Summarizing the above results, we have the following generalization errors using the accuracy score measure on 5 fold runs:
<br></br>

|#|Classifier Type|Generalization error
|-:|:-|:-|
|1|LogisticRegression|0.26|0.16|0.17|0.18
|2|KNeighborsClassifier|0.16|0.08|0.08|0.09
|3|DecisionTreeClassifier|0.07|0.12|0.00|0.14
|4|GaussianNB|0.43|0.09|0.10|0.11
|5|SVC|0.20|0.12|0.15|0.16
|6|RandomForestClassifier|0.04|0.08|0.00|0.11|

As can be seen from the above table, Decison Tree classifier gives the least generalizition error rates on multiple test runs followed by RFC. 



## k-folds cross validation using F1 measure


In [None]:
f1_train = []
f1_test = []
for fold, (train_index, test_index) in enumerate(kf.split(X)):
    X_train, X_test = X.iloc[train_index], X.iloc[test_index]
    y_train, y_test = y.iloc[train_index], y.iloc[test_index]
    
    knn.fit(X_train, y_train)
    
    y_hat_tr = knn.predict(X_train)
    
    f1_tr = f1_score(y_train, y_hat_tr)
    f1_train.append(f1_tr)
    
    y_hat_te = knn.predict(X_test)
    
    f1_te = f1_score(y_test, y_hat_te)
    
    f1_test.append(f1_te)
    
    print('Fold {}: f1.train={:0.2f}, f1.test={:0.2f}'.format(fold+1, f1_tr, f1_te))

print("KNN f1_train(avg)={:0.2f}, f1_test(avg)={:0.2f}".format(np.mean(f1_train),np.mean(f1_test)))

In [None]:
f1_train = []
f1_test = []
for fold, (train_index, test_index) in enumerate(kf.split(X)):
    X_train, X_test = X.iloc[train_index], X.iloc[test_index]
    y_train, y_test = y.iloc[train_index], y.iloc[test_index]
    
    lr.fit(X_train, y_train)
    
    y_hat_tr = lr.predict(X_train)
    
    f1_tr = f1_score(y_train, y_hat_tr)
    f1_train.append(f1_tr)
    
    y_hat_te = lr.predict(X_test)
    
    f1_te = f1_score(y_test, y_hat_te)
    
    f1_test.append(f1_te)
    
    print('Fold {}: f1.train={:0.2f}, f1.test={:0.2f}'.format(fold+1, f1_tr, f1_te))

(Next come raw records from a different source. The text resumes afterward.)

(* Let $s$ be a non-null loop sequence in $\mathbb{Z}^d$ and let $s'$ be obtained from $s$ by a splitting operation. Then $\iota(s')<\iota(s)$.
   Context: $E$ is the set of directed nearest-neighbour edges of $\mathbb{Z}^d$; $e^{-1}$ is the reversed edge. Paths, closed paths and cycles (classes of closed paths under cyclic rotation) as usual; each cycle has a first edge fixed by an arbitrary rule and "location $k$" is its $k$-th edge. A closed path $e_1\cdots e_n$ has a backtrack at $i\le n-1$ if $e_{i+1}=e_i^{-1}$ and at $n$ if $e_1=e_n^{-1}$; successively erasing backtracks (removing both edges) until none remain gives a well-defined cycle $[\cdot]$. A loop is a cycle without backtracks (including the null loop). A loop sequence is a finite sequence of loops modulo inserting/deleting null loops; a non-null one has a minimal representation $(l_1,\dots,l_n)$ without null loops; its length is $|s|=\sum|l_i|$, its size is $\#s=n$, and its index is $\iota(s)=|s|-\#s$ (all zero for the null loop sequence). Splitting a loop $l$ at distinct locations $x,y$: if $l$ has edge $e$ at both, write $l=aebec$ (displayed $e$'s at $x,y$ respectively) and obtain the pair $([aec],[be])$; if $l$ has $e$ at $x$ and $e^{-1}$ at $y$, write $l=aebe^{-1}c$ and obtain $([ac],[b])$. A splitting of $s$ replaces one component $l_k$ of its minimal representation by the two loops of a splitting of $l_k$. *)

theory Defs
  imports Main
begin

text \<open>Vertices of Z^d: functions from a finite index type 'd to int.
  Directed edges: pairs (x,y) of nearest neighbours.\<close>

type_synonym 'd vtx = "'d \<Rightarrow> int"
type_synonym 'd edge = "'d vtx \<times> 'd vtx"

definition is_edge :: "'d::finite edge \<Rightarrow> bool" where
  "is_edge e \<longleftrightarrow> (\<exists>i. snd e = (fst e)(i := fst e i + 1) \<or> snd e = (fst e)(i := fst e i - 1))"

definition inv_edge :: "'d edge \<Rightarrow> 'd edge" where
  "inv_edge e = (snd e, fst e)"

definition is_path :: "'d::finite edge list \<Rightarrow> bool" where
  "is_path p \<longleftrightarrow> (\<forall>e\<in>set p. is_edge e) \<and>
     (\<forall>i. Suc i < length p \<longrightarrow> snd (p ! i) = fst (p ! Suc i))"

definition closed_path :: "'d::finite edge list \<Rightarrow> bool" where
  "closed_path p \<longleftrightarrow> p \<noteq> [] \<and> is_path p \<and> snd (last p) = fst (hd p)"

text \<open>Backtrack at i \<le> n-1, or at n (wrap-around).\<close>
definition has_backtrack :: "'d edge list \<Rightarrow> bool" where
  "has_backtrack p \<longleftrightarrow>
     (\<exists>i. Suc i < length p \<and> p ! Suc i = inv_edge (p ! i)) \<or>
     (p \<noteq> [] \<and> hd p = inv_edge (last p))"

definition erase_step :: "'d edge list \<Rightarrow> 'd edge list \<Rightarrow> bool" where
  "erase_step p q \<longleftrightarrow>
     (\<exists>a e b. p = a @ e # inv_edge e # b \<and> q = a @ b) \<or>
     (\<exists>e m. p = e # m @ [inv_edge e] \<and> q = m)"

text \<open>q is (a representative of) the cycle [p] obtained by successively
  erasing backtracks until none remain.\<close>
definition reduces_to :: "'d edge list \<Rightarrow> 'd edge list \<Rightarrow> bool" where
  "reduces_to p q \<longleftrightarrow> erase_step\<^sup>*\<^sup>* p q \<and> \<not> has_backtrack q"

text \<open>Loops (represented by a representative closed path; [] is the null loop).\<close>
definition is_loop :: "'d::finite edge list \<Rightarrow> bool" where
  "is_loop l \<longleftrightarrow> l = [] \<or> (closed_path l \<and> \<not> has_backtrack l)"

text \<open>Loop sequences: lists of loops, modulo null loops.\<close>
definition minrep :: "'d edge list list \<Rightarrow> 'd edge list list" where
  "minrep s = filter (\<lambda>l. l \<noteq> []) s"

definition ls_length :: "'d edge list list \<Rightarrow> nat" where
  "ls_length s = sum_list (map length (minrep s))"

definition ls_size :: "'d edge list list \<Rightarrow> nat" where
  "ls_size s = length (minrep s)"

definition ls_index :: "'d edge list list \<Rightarrow> int" where
  "ls_index s = int (ls_length s) - int (ls_size s)"

text \<open>A loop is a cycle, so
  "l = a e b e c" means some cyclic rotation of the representative equals a e b e c;
  the two displayed edges sit at two distinct locations.\<close>
definition loop_split :: "'d edge list \<Rightarrow> 'd edge list \<Rightarrow> 'd edge list \<Rightarrow> bool" where
  "loop_split l l1 l2 \<longleftrightarrow>
     (\<exists>k a b c e. rotate k l = a @ e # b @ e # c \<and>
         reduces_to (a @ e # c) l1 \<and> reduces_to (b @ [e]) l2) \<or>
     (\<exists>k a b c e. rotate k l = a @ e # b @ inv_edge e # c \<and>
         reduces_to (a @ c) l1 \<and> reduces_to b l2)"

definition ls_split :: "'d edge list list \<Rightarrow> 'd edge list list \<Rightarrow> bool" where
  "ls_split s s' \<longleftrightarrow>
     (\<exists>k l1 l2. k < length (minrep s) \<and> loop_split (minrep s ! k) l1 l2 \<and>
        s' = take k (minrep s) @ [l1, l2] @ drop (Suc k) (minrep s))"

end

theory Submission
  imports Defs
begin

text \<open>Backtrack erasure only shortens paths, so a splitting of a loop of length \<open>n\<close> produces
  two loops of total length at most \<open>n\<close>, each shorter than \<open>n\<close>; hence the index
  \<open>n - 1\<close> of the split component exceeds the index of the (at most two) non-null pieces.
  Only lengths matter here.\<close>

lemma erase_step_length: "erase_step p q \<Longrightarrow> length p = length q + 2"
  by (auto simp: erase_step_def)

lemma reduces_to_length_le:
  assumes "reduces_to p q"
  shows "length q \<le> length p"
proof -
  from assms have "erase_step\<^sup>*\<^sup>* p q" by (simp add: reduces_to_def)
  then show ?thesis
    by (induction rule: rtranclp_induct) (auto dest: erase_step_length)
qed

lemma loop_split_length_bounds:
  assumes "loop_split l l1 l2"
  obtains n1 n2 where "length l = n1 + n2 + 2" "length l1 \<le> n1 + 1" "length l2 \<le> n2 + 1"
  using assms unfolding loop_split_def
proof (elim disjE exE conjE)
  fix k a b c e
  assume rot: "rotate k l = a @ e # b @ e # c"
    and "reduces_to (a @ e # c) l1" "reduces_to (b @ [e]) l2"
  moreover have "length l = length a + length c + length b + 2"
    using arg_cong[OF rot, of length] by simp
  ultimately show thesis
    using that[of "length a + length c" "length b"] by (auto dest!: reduces_to_length_le)
next
  fix k a b c e
  assume rot: "rotate k l = a @ e # b @ inv_edge e # c"
    and "reduces_to (a @ c) l1" "reduces_to b l2"
  moreover have "length l = length a + length c + length b + 2"
    using arg_cong[OF rot, of length] by simp
  ultimately show thesis
    using that[of "length a + length c" "length b"] by (auto dest!: reduces_to_length_le)
qed

lemma ls_index_append: "ls_index (xs @ ys) = ls_index xs + ls_index ys"
  by (simp add: ls_index_def ls_length_def ls_size_def minrep_def)

lemma ls_index_minrep: "ls_index (minrep s) = ls_index s"
  by (simp add: ls_index_def ls_length_def ls_size_def minrep_def)

lemma ls_index_single: "l \<noteq> [] \<Longrightarrow> ls_index [l] = int (length l) - 1"
  by (simp add: ls_index_def ls_length_def ls_size_def minrep_def)

lemma ls_index_loop_split_lt:
  assumes "loop_split l l1 l2"
  shows "ls_index [l1, l2] < int (length l) - 1"
proof -
  obtain n1 n2 where "length l = n1 + n2 + 2" "length l1 \<le> n1 + 1" "length l2 \<le> n2 + 1"
    using loop_split_length_bounds[OF assms] .
  then show ?thesis
    by (cases "l1 = []"; cases "l2 = []")
      (auto simp: ls_index_def ls_length_def ls_size_def minrep_def)
qed

theorem lemma9p8:
  fixes s s' :: "('d::finite) edge list list"
  assumes "\<forall>l\<in>set s. is_loop l"
    and "minrep s \<noteq> []"
    and "ls_split s s'"
  shows "ls_index s' < ls_index s"
proof -
  define M where "M = minrep s"
  obtain k l1 l2 where k: "k < length M" and split: "loop_split (M ! k) l1 l2"
    and s': "s' = take k M @ [l1, l2] @ drop (Suc k) M"
    using assms(3) unfolding ls_split_def M_def by blast
  have "M ! k \<noteq> []"
    using k nth_mem[OF k] by (auto simp: M_def minrep_def)
  have "ls_index s = ls_index (take k M @ [M ! k] @ drop (Suc k) M)"
    using k by (simp add: M_def ls_index_minrep id_take_nth_drop[symmetric])
  also have "\<dots> = ls_index (take k M) + (int (length (M ! k)) - 1) + ls_index (drop (Suc k) M)"
    unfolding ls_index_append ls_index_single[OF \<open>M ! k \<noteq> []\<close>] by linarith
  finally show ?thesis
    using ls_index_loop_split_lt[OF split] unfolding s' ls_index_append by linarith
qed

end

print("Logistic Regression f1_train(avg)={:0.2f}, f1_test(avg)={:0.2f}".format(np.mean(f1_train),np.mean(f1_test)))

In [None]:
f1_train = []
f1_test = []
for fold, (train_index, test_index) in enumerate(kf.split(X)):
    X_train, X_test = X.iloc[train_index], X.iloc[test_index]
    y_train, y_test = y.iloc[train_index], y.iloc[test_index]
    
    dtc.fit(X_train, y_train)
    
    y_hat_tr = dtc.predict(X_train)
    
    f1_tr = f1_score(y_train, y_hat_tr)
    f1_train.append(f1_tr)
    
    y_hat_te = dtc.predict(X_test)
    
    f1_te = f1_score(y_test, y_hat_te)
    
    f1_test.append(f1_te)
    
    print('Fold {}: f1.train={:0.2f}, f1.test={:0.2f}'.format(fold+1, f1_tr, f1_te))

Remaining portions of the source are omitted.